It was the reason they had moved from her beloved Wales to Liverpool when Tom was a baby. It seemed to Jane they had fallen from the frying pan into the fire - into a damp slum house crammed in amongst the misery and hardship - no running water, always hungry, always cold, with leaden skies hanging over their heads. And since Tom’s birth in 1852, there were two more mouths to feed – Lizzie and Mary.
So there it was. The child was only nine, about to begin a long apprenticeship to his father. Only a few weeks before Tom had been caught with some other boys nicking apples, and didn’t whimper when John belted him. Hunger was no excuse for stealing, but Jane ached for her son, acutely aware that his body was undernourished for the hard manual labor of stonecutting. Despite being illiterate herself she would do her best to nourish his soul and mind by showing him common sense and decent values, and encouraging him to go to Sunday School and night classes.
At his ‘penny’ school he had been amongst kids of his own kind, from trades families. But Sunday School would cater for children from all classes including wealthy landowners and merchants, so Tom needed a presentable jacket. After a few weeks on the job he earned enough money to buy one from a pawn shop, but the sleeves were oversized. Jane did her best to alter them, but the result was embarrassing.

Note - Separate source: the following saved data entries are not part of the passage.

lemma finite_Vp: "finite (Vp n)"
  by (simp add: Vp_def)

lemma finite_scen: "finite (scen N)"
  by (simp add: scen_def)

lemma setcompr_pair_eq_image: "{f a b |a b. a \<in> A \<and> b \<in> B} = case_prod f ` (A \<times> B)"
  by auto

lemma finite_lp_vars: "finite (lp_vars n N)"
  unfolding lp_vars_def setcompr_pair_eq_image using finite_Edges finite_Vp finite_scen by auto

lemma finite_lp_rows: "finite (lp_rows cvrp n N)"
  unfolding lp_rows_def setcompr_pair_eq_image using finite_Edges finite_Vp finite_scen finite_nsub
  by auto

lemma lp_vars_iff [simp]:
  "VX e \<in> lp_vars n N \<longleftrightarrow> e \<in> Edges n"
  "VT v \<in> lp_vars n N \<longleftrightarrow> v \<in> Vp n"
  "VY \<xi> v \<in> lp_vars n N \<longleftrightarrow> \<xi> \<in> scen N \<and> v \<in> Vp n"
  unfolding lp_vars_def by auto

lemma lp_rows_iff [simp]:
  "RTh v \<in> lp_rows cvrp n N \<longleftrightarrow> v \<in> Vp n"
  "RCap \<xi> S \<in> lp_rows cvrp n N \<longleftrightarrow> \<xi> \<in> scen N \<and> S \<in> nsub n"
  "RYlo \<xi> v \<in> lp_rows cvrp n N \<longleftrightarrow> \<xi> \<in> scen N \<and> v \<in> Vp n"
  "RYup \<xi> v \<in> lp_rows cvrp n N \<longleftrightarrow> \<xi> \<in> scen N \<and> v \<in> Vp n"
  "RXlo e \<in> lp_rows cvrp n N \<longleftrightarrow> e \<in> Edges n"
  "RXup e \<in> lp_rows cvrp n N \<longleftrightarrow> e \<in> Edges n"
  "RDeg v \<in> lp_rows cvrp n N \<longleftrightarrow> v \<in> Vp n"
  "RSec S \<in> lp_rows cvrp n N \<longleftrightarrow> S \<in> nsub n"
  "RDep \<in> lp_rows cvrp n N \<longleftrightarrow> cvrp"
  "RRci S \<in> lp_rows cvrp n N \<longleftrightarrow> cvrp \<and> S \<in> nsub n"
  unfolding lp_rows_def by auto

lemma linear_rows_lp_lhs: "linear_rows (lp_vars n N) (lp_rows cvrp n N) (lp_lhs n N p w)"
  unfolding linear_rows_def lp_coef_def
proof (intro ballI allI)
  fix i u assume i: "i \<in> lp_rows cvrp n N"
  show "lp_lhs n N p w i u = (\<Sum>j\<in>lp_vars n N. lp_lhs n N p w i (\<lambda>j'. if j' = j then 1 else 0) * u j)"
  proof (rule linear_form_expansion[OF finite_lp_vars])
    show "lp_lhs n N p w i u = lp_lhs n N p w i u'" if "\<forall>j\<in>lp_vars n N. u j = u' j" for u u'
      using i that
      by (cases i) (auto simp: inE_def delta_def nsub_def intro!: sum.cong arg_cong2[where f = minus])
    show "lp_lhs n N p w i (\<lambda>j. u j + u' j) = lp_lhs n N p w i u + lp_lhs n N p w i u'" for u u'
      by (cases i) (simp_all add: sum.distrib algebra_simps)
    show "lp_lhs n N p w i (\<lambda>j. c * u j) = c * lp_lhs n N p w i u" for c u
      by (cases i) (simp_all add: sum_distrib_left algebra_simps)
  qed
qed

lemma lp_obj_lp_cost:
  "lp_obj (lp_vars n N) (lp_cost c) u = (\<Sum>e\<in>Edges n. c e * u (VX e)) + (\<Sum>v\<in>Vp n. u (VT v))"
proof -
  let ?Y = "case_prod VY ` (scen N \<times> Vp n)"
  have "lp_obj (lp_vars n N) (lp_cost c) u =
      (\<Sum>j\<in>VX ` Edges n. lp_cost c j * u j) + (\<Sum>j\<in>VT ` Vp n. lp_cost c j * u j)
      + (\<Sum>j\<in>?Y. lp_cost c j * u j)"
    unfolding lp_obj_def lp_vars_def setcompr_pair_eq_image using finite_Edges finite_Vp finite_scen
    by (subst sum.union_disjoint; auto)+
  also have "(\<Sum>j\<in>?Y. lp_cost c j * u j) = 0"
    by (rule sum.neutral) auto
  finally show ?thesis
    by (simp add: sum.reindex inj_on_def)
qed

lemma sum_nsub_swap:
  fixes a :: "nat set \<Rightarrow> 'a :: comm_semiring_1"
  shows "(\<Sum>S\<in>nsub n. a S * (\<Sum>v\<in>S. y v)) = (\<Sum>v\<in>Vp n. (\<Sum>S\<in>{S \<in> nsub n. v \<in> S}. a S) * y v)"
proof -
  have "(\<Sum>S\<in>nsub n. a S * (\<Sum>v\<in>S. y v)) = (\<Sum>S\<in>nsub n. \<Sum>v\<in>Vp n. if v \<in> S then a S * y v else 0)"
  proof (rule sum.cong)
    fix S assume "S \<in> nsub n"
    then have "Vp n \<inter> S = S" by (auto simp: nsub_def)
    then show "a S * (\<Sum>v\<in>S. y v) = (\<Sum>v\<in>Vp n. if v \<in> S then a S * y v else 0)"
      using sum.inter_restrict[OF finite_Vp, of "\<lambda>v. a S * y v" n S] by (simp add: sum_distrib_left)
  qed simp
  also have "\<dots> = (\<Sum>v\<in>Vp n. (\<Sum>S\<in>{S \<in> nsub n. v \<in> S}. a S) * y v)"
    using finite_nsub by (subst sum.swap) (auto simp: sum.inter_filter sum_distrib_right intro!: sum.cong)
  finally show ?thesis .
qed

text \<open>The rows whose multipliers \<open>\<alpha>\<close> and \<open>\<beta>\<close> are aggregated into the single
  constraint of \<open>\<Gamma>\<close>.\<close>

definition aggregated_rows :: "nat \<Rightarrow> nat \<Rightarrow> row set" where
  "aggregated_rows n N =
     {RCap \<xi> S |\<xi> S. \<xi> \<in> scen N \<and> S \<in> nsub n} \<union> {RYup \<xi> v |\<xi> v. \<xi> \<in> scen N \<and> v \<in> Vp n}"

lemma sum_lp_rows_split:
  "(\<Sum>i\<in>lp_rows cvrp n N. f i) = (\<Sum>i\<in>lp_rows cvrp n N - aggregated_rows n N. f i)
     + (\<Sum>\<xi>\<in>scen N. \<Sum>S\<in>nsub n. f (RCap \<xi> S)) + (\<Sum>\<xi>\<in>scen N. \<Sum>v\<in>Vp n. f (RYup \<xi> v))"
proof -
  have "aggregated_rows n N \<subseteq> lp_rows cvrp n N"
    unfolding aggregated_rows_def by auto
  then have "(\<Sum>i\<in>lp_rows cvrp n N. f i) =
      (\<Sum>i\<in>lp_rows cvrp n N - aggregated_rows n N. f i) + (\<Sum>i\<in>aggregated_rows n N. f i)"
    using sum.subset_diff finite_lp_rows by blast
  also have "(\<Sum>i\<in>aggregated_rows n N. f i) =
      (\<Sum>i\<in>case_prod RCap ` (scen N \<times> nsub n). f i) + (\<Sum>i\<in>case_prod RYup ` (scen N \<times> Vp n). f i)"
    unfolding aggregated_rows_def setcompr_pair_eq_image using finite_scen finite_nsub finite_Vp
    by (intro sum.union_disjoint) auto
  finally show ?thesis
    by (simp add: sum.reindex inj_on_def sum.cartesian_product prod.case_distrib add.assoc)
qed
(* Let $\mathbf{X}$ be a set of discrete random variables with sample space $\Omega(\mathbf{X})$, and let $O$ be a positive unital circuit over $\mathbf{X}$. Then the family $\{O(\mathbf{x})\}_{\mathbf{x}\in\Omega(\mathbf{X})}$ is a positive operator-valued measure, i.e. each $O(\mathbf{x})$ is positive semi-definite and $\sum_{\mathbf{x}\in\Omega(\mathbf{X})}O(\mathbf{x})=\mathbb{1}$.
   Context: A positive operator-valued measure (POVM) is a finite family of PSD complex matrices summing to the identity matrix. A quantum operation from $d\times d$ to $d'\times d'$ complex matrices is a map $\Phi(A)=\sum_{j}K_jAK_j^*$ with $d'\times d$ matrices $K_j$ satisfying $\sum_j K_j^*K_j\le\mathbb{1}$ (Loewner order); it is unital if $\Phi(\mathbb{1}_d)=\mathbb{1}_{d'}$. A partition circuit over $\mathbf{X}=\{X_0,\dots,X_{N-1}\}$ is a rooted binary tree whose leaves are in bijection with the variables (leaf $k$ carries variable $X_k$ with finite sample space $\Omega(X_k)$); each internal unit $k$ has two children $k_l,k_r$; $\mathbf{x}_k$ denotes an assignment to the variables at the leaves below $k$. A positive operator circuit assigns to each leaf $k$ PSD matrices $E_{x_k}$, $x_k\in\Omega(X_k)$, and to each internal unit $k$ a quantum operation $\Phi_k$, and computes $O_k(\mathbf{x}_k)=E_{x_k}$ at leaves and $O_k(\mathbf{x}_k)=\Phi_k(O_{k_l}(\mathbf{x}_{k_l})\otimes O_{k_r}(\mathbf{x}_{k_r}))$ at internal units ($\otimes$ the Kronecker product); $O(\mathbf{x})=O_{\mathrm{root}}(\mathbf{x})$. It is a positive unital circuit if every $\Phi_k$ is unital (i.e. $\Phi_k(\mathbb{1}_{k_l}\otimes\mathbb{1}_{k_r})=\mathbb{1}_k$ with identity matrices of the appropriate sizes) and for every leaf $k$ the family $\{E_{x_k}\}_{x_k\in\Omega(X_k)}$ is a POVM. *)

theory Defs
  imports "Jordan_Normal_Form.Matrix"
begin
lemma bullet_emb2_assoc:
  assumes "sha2_elem w"
  shows "bullet (emb2 u) (bullet (emb2 v) w) = bullet (emb2 (mult2 u v)) w"
proof -
  let ?one = "Poly_Mapping.single ([1], [1]) 1"
  have "bullet (emb2 u) (bullet (emb2 v) w) = bullet (bullet (emb2 u) ?one) (bullet (emb2 v) w)"
    by (simp add: bullet_commute[of _ ?one] bullet_unit sha2_elem_emb2)
  also have "\<dots> = bullet (emb2 (mult2 u v)) (bullet ?one w)"
    by (rule bullet_emb2_interchange[OF _ assms]) (simp add: sha2_elem_def)
  finally show ?thesis
    by (simp add: bullet_unit assms)
qed

locale multiplicative_coproduct =
  fixes scale :: "'k::comm_ring_1 \<Rightarrow> 'a::comm_ring_1 \<Rightarrow> 'a"
    and \<Delta> :: "'a \<Rightarrow> ('a \<times> 'a \<Rightarrow>\<^sub>0 'k)"
  assumes algebra: "comm_k_algebra scale"
    and \<Delta>_mult: "tensor_eq scale slots2 (\<Delta> (a * b)) (mult2 (\<Delta> a) (\<Delta> b))"
    and \<Delta>_one: "tensor_eq scale slots2 (\<Delta> 1) (Poly_Mapping.single (1, 1) 1)"
begin

text \<open>\<open>DeltaT_basis\<close> treats a leading \<open>1\<close> separately; both branches agree modulo the
  relations because \<open>\<Delta> 1 \<equiv> 1 \<otimes> 1\<close>.\<close>

lemma DeltaT_basis_Cons:
  assumes "w \<noteq> []"
  shows "tensor_eq scale slots_sh2 (DeltaT_basis \<Delta> (c # w)) (bullet (emb2 (\<Delta> c)) (id_Pr (DeltaT_basis \<Delta> w)))"
proof -
  obtain w1 ws where w: "w = w1 # ws" using assms by (cases w) auto
  define z where "z = id_Pr (DeltaT_basis \<Delta> w)"
  have z: "sha2_elem z" unfolding z_def by (intro sha2_elem_id_Pr sha2_elem_DeltaT_basis)
  show ?thesis
  proof (cases "c = 1")
    case True
    have "DeltaT_basis \<Delta> (c # w) = bullet (emb2 (Poly_Mapping.single (1, 1) 1)) z"
      using bullet_unit[OF z] by (simp add: True w z_def)
    also have "tensor_eq scale slots_sh2 \<dots> (bullet (emb2 (\<Delta> c)) z)"
      using \<Delta>_one by (intro tensor_eq_bullet_left[OF algebra] tensor_eq_emb2) (simp add: True tensor_eq_sym)
    finally show ?thesis by (simp add: z_def)
  next
    case False
    then show ?thesis by (simp add: w)
  qed
qed
(* Let $m,n\ge 1$, $k\ge 2$ and $P\in\mathbb{R}[x_1,\ldots,x_n]$. There is exactly one polynomial $P_0\in V_{m,k}$ such that $P-P_0$ has a zero of multiplicity at least $k$ at every point of $mB^n\setminus\{\mathbf 0\}$ and a zero of multiplicity at least $k-1$ at $\mathbf 0$. This polynomial satisfies $\deg P_0\le \deg P$.
   Context: $mB^n=\{0,1,\ldots,m\}^n$. A polynomial $f$ has a zero of multiplicity at least $k$ at $\mathbf a$ if all partial derivatives of $f$ of order less than $k$ vanish at $\mathbf a$. For an integer $k\ge 2$, a polynomial $P\in\mathbb{R}[x_1,\ldots,x_n]$ is called $(m,k)$-reduced if two conditions hold: $\deg P\le mn+(m+1)(k-1)-1$, and no monomial of $P$ is divisible by $x_{i_1}^{m+1}\cdots x_{i_k}^{m+1}$ for any indices $i_1,\ldots,i_k$ (not necessarily distinct). $V_{m,k}$ is the space of all $(m,k)$-reduced polynomials. *)

theory Defs
  imports "HOL-Library.Poly_Mapping" Complex_Main
begin

text \<open>Multivariate real polynomials in variables x_0, x_1, ... (index i stands for x_(i+1)),
  represented as finitely supported maps from exponent vectors (monomials) to coefficients.\<close>

type_synonym mpoly = "(nat \<Rightarrow>\<^sub>0 nat) \<Rightarrow>\<^sub>0 real"

definition mvars :: "mpoly \<Rightarrow> nat set" where
  "mvars P = \<Union> ((\<lambda>\<alpha>::nat \<Rightarrow>\<^sub>0 nat. Poly_Mapping.keys \<alpha>) ` Poly_Mapping.keys P)"

definition mon_deg :: "(nat \<Rightarrow>\<^sub>0 nat) \<Rightarrow> nat" where
  "mon_deg \<alpha> = (\<Sum>v\<in>Poly_Mapping.keys \<alpha>. Poly_Mapping.lookup \<alpha> v)"

text \<open>Total degree (degree of the zero polynomial taken to be 0).\<close>
definition mdeg :: "mpoly \<Rightarrow> nat" where
  "mdeg P = Max (insert 0 (mon_deg ` Poly_Mapping.keys P))"
(* Let $\rho:\mathbb{Z}\to[0,\infty)$ be a weight with finite moments, $f,g$ polynomials with $\deg f\le2$, $\deg g\le1$, $f(x+1)\rho(x+1)-f(x)\rho(x)=g(x)\rho(x)$ on $\mathbb{Z}$, and $\rho f$ vanishing at the end points of the support of $\rho$. Let $\{p_n\}$ be the monic orthogonal polynomials for $\rho$ with $\sum_xp_mp_n\rho=h_n\delta_{nm}$, $h_n>0$; let $\mathcal{A}_{\rm l}=g(x)T+f(x)(\Delta+\nabla)$, $c_n:=-\sum_xp_{n+1}(x)(\mathcal{A}_{\rm l}p_n)(x)\rho(x)$, $\omega(x)=f(x+1)\rho(x+1)$, and assume the Pfaffians $\mathrm{Pf}[\sum_x(x^i(x+1)^j-(x+1)^ix^j)\omega(x)]_{i,j=0}^{2n-1}$ are nonzero for all $n\ge1$. Let $Q_{2n+1}=p_{2n+1}$, $Q_{2n}=\sum_{l=0}^n\big(\prod_{j=l}^{n-1}c_{2j+1}/c_{2j}\big)p_{2l}$, $u_n=c_{2n}$, and for $N\ge1$ $$S_N(x,y)=\sum_{i=0}^{N-1}\frac{1}{u_i}\big(Q_{2i}(x)Q_{2i+1}(y)-Q_{2i}(y)Q_{2i+1}(x)\big).$$ Then, with $t_{2N,2N-2}:=-c_{2N-1}/c_{2N-2}$, $$\sum_{m=0}^{N-1}\frac{p_{2m}(x)p_{2m}(y)}{h_{2m}}+\sum_{m=0}^{N-1}\frac{p_{2m+1}(x)p_{2m+1}(y)}{h_{2m+1}}=\mathcal{A}^{(y)}_{\rm l}S_N(x,y)-\frac{t_{2N,2N-2}}{h_{2N}}p_{2N}(y)Q_{2N-2}(x),$$ where $\mathcal{A}^{(y)}_{\rm l}$ denotes $\mathcal{A}_{\rm l}$ acting in the variable $y$.
   Context: $T\phi(x)=\phi(x+1)$, $\Delta\phi(x)=\phi(x+1)-\phi(x)$, $\nabla\phi(x)=\phi(x)-\phi(x-1)$. *)

theory Defs
  imports "HOL-Analysis.Analysis" "HOL-Computational_Algebra.Polynomial"
    "HOL-Combinatorics.Permutations"
begin

definition Al :: "real poly \<Rightarrow> real poly \<Rightarrow> (real \<Rightarrow> real) \<Rightarrow> real \<Rightarrow> real" where
  "Al f g \<phi> x = poly g x * \<phi> (x + 1)
      + poly f x * ((\<phi> (x + 1) - \<phi> x) + (\<phi> x - \<phi> (x - 1)))"

definition finite_moments :: "(int \<Rightarrow> real) \<Rightarrow> bool" where
  "finite_moments \<rho> \<longleftrightarrow> (\<forall>k::nat. (\<lambda>x::int. \<bar>real_of_int x\<bar> ^ k * \<rho> x) summable_on UNIV)"

definition vanishes_at_endpoints :: "(int \<Rightarrow> real) \<Rightarrow> real poly \<Rightarrow> bool" where
  "vanishes_at_endpoints \<rho> f \<longleftrightarrow>
     (let S = {x. \<rho> x \<noteq> 0}; F = (\<lambda>x::int. poly f (real_of_int x) * \<rho> x) in
       (S \<noteq> {} \<and> bdd_above S \<longrightarrow> F (Sup S) = 0) \<and>
       (S \<noteq> {} \<and> bdd_below S \<longrightarrow> F (Inf S) = 0) \<and>
       (\<not> bdd_above S \<longrightarrow> (F \<longlongrightarrow> 0) at_top) \<and>
       (\<not> bdd_below S \<longrightarrow> (F \<longlongrightarrow> 0) at_bot))"

definition pfaffian :: "nat \<Rightarrow> (nat \<Rightarrow> nat \<Rightarrow> real) \<Rightarrow> real" where
  "pfaffian n A = (\<Sum>\<sigma> | \<sigma> permutes {0..<2*n}.
       of_int (sign \<sigma>) * (\<Prod>i<n. A (\<sigma> (2*i)) (\<sigma> (2*i+1)))) / (2 ^ n * fact n)"

definition cc :: "real poly \<Rightarrow> real poly \<Rightarrow> (int \<Rightarrow> real) \<Rightarrow> (nat \<Rightarrow> real poly) \<Rightarrow> nat \<Rightarrow> real" where
  "cc f g \<rho> p n = - (\<Sum>\<^sub>\<infinity>x::int. poly (p (n+1)) (real_of_int x)
                         * Al f g (poly (p n)) (real_of_int x) * \<rho> x)"

definition QQ :: "real poly \<Rightarrow> real poly \<Rightarrow> (int \<Rightarrow> real) \<Rightarrow> (nat \<Rightarrow> real poly) \<Rightarrow> nat \<Rightarrow> real poly" where
  "QQ f g \<rho> p k = (if odd k then p k
      else (let n = k div 2 in
            \<Sum>l = 0..n. smult (\<Prod>j = l..<n. cc f g \<rho> p (2*j+1) / cc f g \<rho> p (2*j)) (p (2*l))))"

definition SS :: "real poly \<Rightarrow> real poly \<Rightarrow> (int \<Rightarrow> real) \<Rightarrow> (nat \<Rightarrow> real poly) \<Rightarrow> nat \<Rightarrow> real \<Rightarrow> real \<Rightarrow> real" where
  "SS f g \<rho> p N x y = (\<Sum>i<N. (1 / cc f g \<rho> p (2*i)) *
      (poly (QQ f g \<rho> p (2*i)) x * poly (QQ f g \<rho> p (2*i+1)) y
       - poly (QQ f g \<rho> p (2*i)) y * poly (QQ f g \<rho> p (2*i+1)) x))"

end

theory Submission
  imports Defs
begin

text \<open>Summation by parts against the Pearson equation makes the lowering operator skew-adjoint for
  the weight: \<open>\<Sum>\<^sub>x (A\<^sub>l u)(x) w(x) \<rho>(x) = - B(u, w)\<close> for the antisymmetric form
  \<open>B(u, w) = \<Sum>\<^sub>x f(x) (u(x-1) w(x) - u(x) w(x-1)) \<rho>(x)\<close> (\<open>skew_form\<close>), whose matrix on monomials is the one in
  the Pfaffian hypothesis. Together with orthogonality this gives
  \<open>A\<^sub>l p(n) = -(c(n)/h(n+1)) p(n+1) + (c(n-1)/h(n-1)) p(n-1)\<close>. The Pfaffian hypothesis forces
  \<open>c(2l) \<noteq> 0\<close>, and \<open>Q(2n)\<close> is exactly the combination of even \<open>p\<close>'s for which \<open>A\<^sub>l Q(2n)\<close>
  is a multiple of \<open>p(2n+1)\<close>. Applying \<open>A\<^sub>l\<close> to \<open>S\<^sub>N\<close> in \<open>y\<close> therefore leaves a sum which,
  by the recurrence \<open>Q(2n+2) = p(2n+2) + (c(2n+1)/c(2n)) Q(2n)\<close>, telescopes to the kernel up
  to the boundary term.\<close>

section \<open>Pfaffians\<close>

lemma permutes_pair_containing:
  fixes n k :: nat
  assumes \<sigma>: "\<sigma> permutes {0..<2*n}" and k: "k < 2*n"
  obtains i where "i < n" and "\<sigma> (2*i) = k \<or> \<sigma> (2*i+1) = k"
    and "\<And>i'. i' \<noteq> i \<Longrightarrow> \<sigma> (2*i') \<noteq> k \<and> \<sigma> (2*i'+1) \<noteq> k"
proof
  let ?m = "inv \<sigma> k"
  have m: "\<sigma> ?m = k" using permutes_inverses(1)[OF \<sigma>] by simp
  have "?m < 2*n" using permutes_in_image[OF permutes_inv[OF \<sigma>]] k by simp
  then show "?m div 2 < n" by simp
  have "?m = 2*(?m div 2) \<or> ?m = 2*(?m div 2)+1" by presburger
  then show "\<sigma> (2*(?m div 2)) = k \<or> \<sigma> (2*(?m div 2)+1) = k" using m by metis
  fix i' assume "i' \<noteq> ?m div 2"
  then have "2*i' \<noteq> ?m" "2*i'+1 \<noteq> ?m" by auto
  then have "\<sigma> (2*i') \<noteq> \<sigma> ?m" "\<sigma> (2*i'+1) \<noteq> \<sigma> ?m"
    using permutes_inj[OF \<sigma>] by (simp_all add: inj_eq)
  then show "\<sigma> (2*i') \<noteq> k \<and> \<sigma> (2*i'+1) \<noteq> k" using m by simp
qed

lemma pfaffian_linear_row:
  fixes A :: "nat \<Rightarrow> nat \<Rightarrow> real" and B :: "'s \<Rightarrow> nat \<Rightarrow> nat \<Rightarrow> real"
  assumes k: "k < 2*n" and S: "finite S"
    and off: "\<And>s i j. s \<in> S \<Longrightarrow> i < 2*n \<Longrightarrow> j < 2*n \<Longrightarrow> i \<noteq> k \<Longrightarrow> j \<noteq> k
      \<Longrightarrow> B s i j = A i j"
    and row: "\<And>j. j < 2*n \<Longrightarrow> j \<noteq> k \<Longrightarrow> A k j = (\<Sum>s\<in>S. a s * B s k j)"
    and col: "\<And>i. i < 2*n \<Longrightarrow> i \<noteq> k \<Longrightarrow> A i k = (\<Sum>s\<in>S. a s * B s i k)"
  shows "pfaffian n A = (\<Sum>s\<in>S. a s * pfaffian n (B s))"
proof -
  have prod_eq: "(\<Prod>i<n. A (\<sigma> (2*i)) (\<sigma> (2*i+1))) = (\<Sum>s\<in>S. a s * (\<Prod>i<n. B s (\<sigma> (2*i)) (\<sigma> (2*i+1))))"
    if \<sigma>: "\<sigma> permutes {0..<2*n}" for \<sigma>
  proof -
    obtain i0 where i0: "i0 < n" and hit: "\<sigma> (2*i0) = k \<or> \<sigma> (2*i0+1) = k"
      and miss: "\<And>i. i \<noteq> i0 \<Longrightarrow> \<sigma> (2*i) \<noteq> k \<and> \<sigma> (2*i+1) \<noteq> k"
      using permutes_pair_containing[OF \<sigma> k] by blast
    have img: "\<sigma> (2*i) < 2*n \<and> \<sigma> (2*i+1) < 2*n" if "i < n" for i
      using permutes_in_image[OF \<sigma>] that by simp
    have "\<sigma> (2*i0) \<noteq> \<sigma> (2*i0+1)" using permutes_inj[OF \<sigma>] by (simp add: inj_eq)
    then have pair: "A (\<sigma> (2*i0)) (\<sigma> (2*i0+1)) = (\<Sum>s\<in>S. a s * B s (\<sigma> (2*i0)) (\<sigma> (2*i0+1)))"
      using hit row col img[OF i0] by auto
    let ?R = "\<lambda>M. \<Prod>i\<in>{..<n}-{i0}. M (\<sigma> (2*i)) (\<sigma> (2*i+1))"
    have rest: "?R (B s) = ?R A" if "s \<in> S" for s
      using off[OF that] miss img by (intro prod.cong) auto
    have split: "(\<Prod>i<n. M (\<sigma> (2*i)) (\<sigma> (2*i+1))) = M (\<sigma> (2*i0)) (\<sigma> (2*i0+1)) * ?R M" for M
      using i0 by (subst prod.remove[of _ i0]) auto
    show ?thesis
      unfolding split pair sum_distrib_right
    proof (intro sum.cong refl)
      fix s assume "s \<in> S"
      then show "a s * B s (\<sigma> (2*i0)) (\<sigma> (2*i0+1)) * ?R A
          = a s * (B s (\<sigma> (2*i0)) (\<sigma> (2*i0+1)) * ?R (B s))"
        by (simp only: rest mult.assoc)
    qed
  qed
  have "pfaffian n A = (\<Sum>\<sigma> | \<sigma> permutes {0..<2*n}. \<Sum>s\<in>S.
      a s * (of_int (sign \<sigma>) * (\<Prod>i<n. B s (\<sigma> (2*i)) (\<sigma> (2*i+1))))) / (2 ^ n * fact n)"
    unfolding pfaffian_def
  proof (intro arg_cong2[where f="(/)"] sum.cong refl)
    fix \<sigma> assume "\<sigma> \<in> {\<sigma>. \<sigma> permutes {0..<2*n}}"
    then show "of_int (sign \<sigma>) * (\<Prod>i<n. A (\<sigma> (2*i)) (\<sigma> (2*i+1))) = (\<Sum>s\<in>S.
        a s * (of_int (sign \<sigma>) * (\<Prod>i<n. B s (\<sigma> (2*i)) (\<sigma> (2*i+1)))))"
      by (simp only: mem_Collect_eq prod_eq sum_distrib_left mult.left_commute)
  qed
  also have "\<dots> = (\<Sum>s\<in>S. a s * pfaffian n (B s))"
    unfolding pfaffian_def
    by (subst sum.swap) (simp add: sum_divide_distrib sum_distrib_left)
  finally show ?thesis .
qed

That first Sunday a rich snob laughed at Tom and his jacket. To avenge the insult on his mother, Tom ambushed him after class and punched him down the stairs. The teachers were shocked, and Tom was on the brink of being expelled. Next Sunday the snob with his mates ganged up on Tom who shocked them all by fighting back with such ‘berserker courage’ he flattened every single one. Somehow Tom wasn’t expelled, and less than twelve years later he was superintendent of that Sunday school.
As for night classes, three generous Welshmen, recognizing Tom’s passion for justice and his natural brightness, nurtured him in the reading of books championing liberty equality and fraternity, and votes for all people regardless of wealth, status and gender. These were dangerous notions which had threatened the powerful aristocracy and founded the Chartist movement. Only thirty years before one of Tom’s relatives, the brave old parson Humphrey Price, had been thrown into Stafford jail for his Chartist beliefs.
Under the guidance of his Dad Tom became a skilled stone mason, and they forged a lasting friendship. Tom quite quickly encouraged John to leave off drinking, and together they worked hard and ‘in sync’. The business began to flourish. Although another girl was born in 1871, the family now could afford better food, a better house, and had managed to buy a row of old tenement houses which gave them a modest extra income.
John died in 1879 at the age of 53, leaving the family grieving. However, thanks to Tom, they were now comfortably well off, Jane a life-long ‘annuitant’ with income from the property, and Tom employing no fewer than 28 stone masons plus three apprentices.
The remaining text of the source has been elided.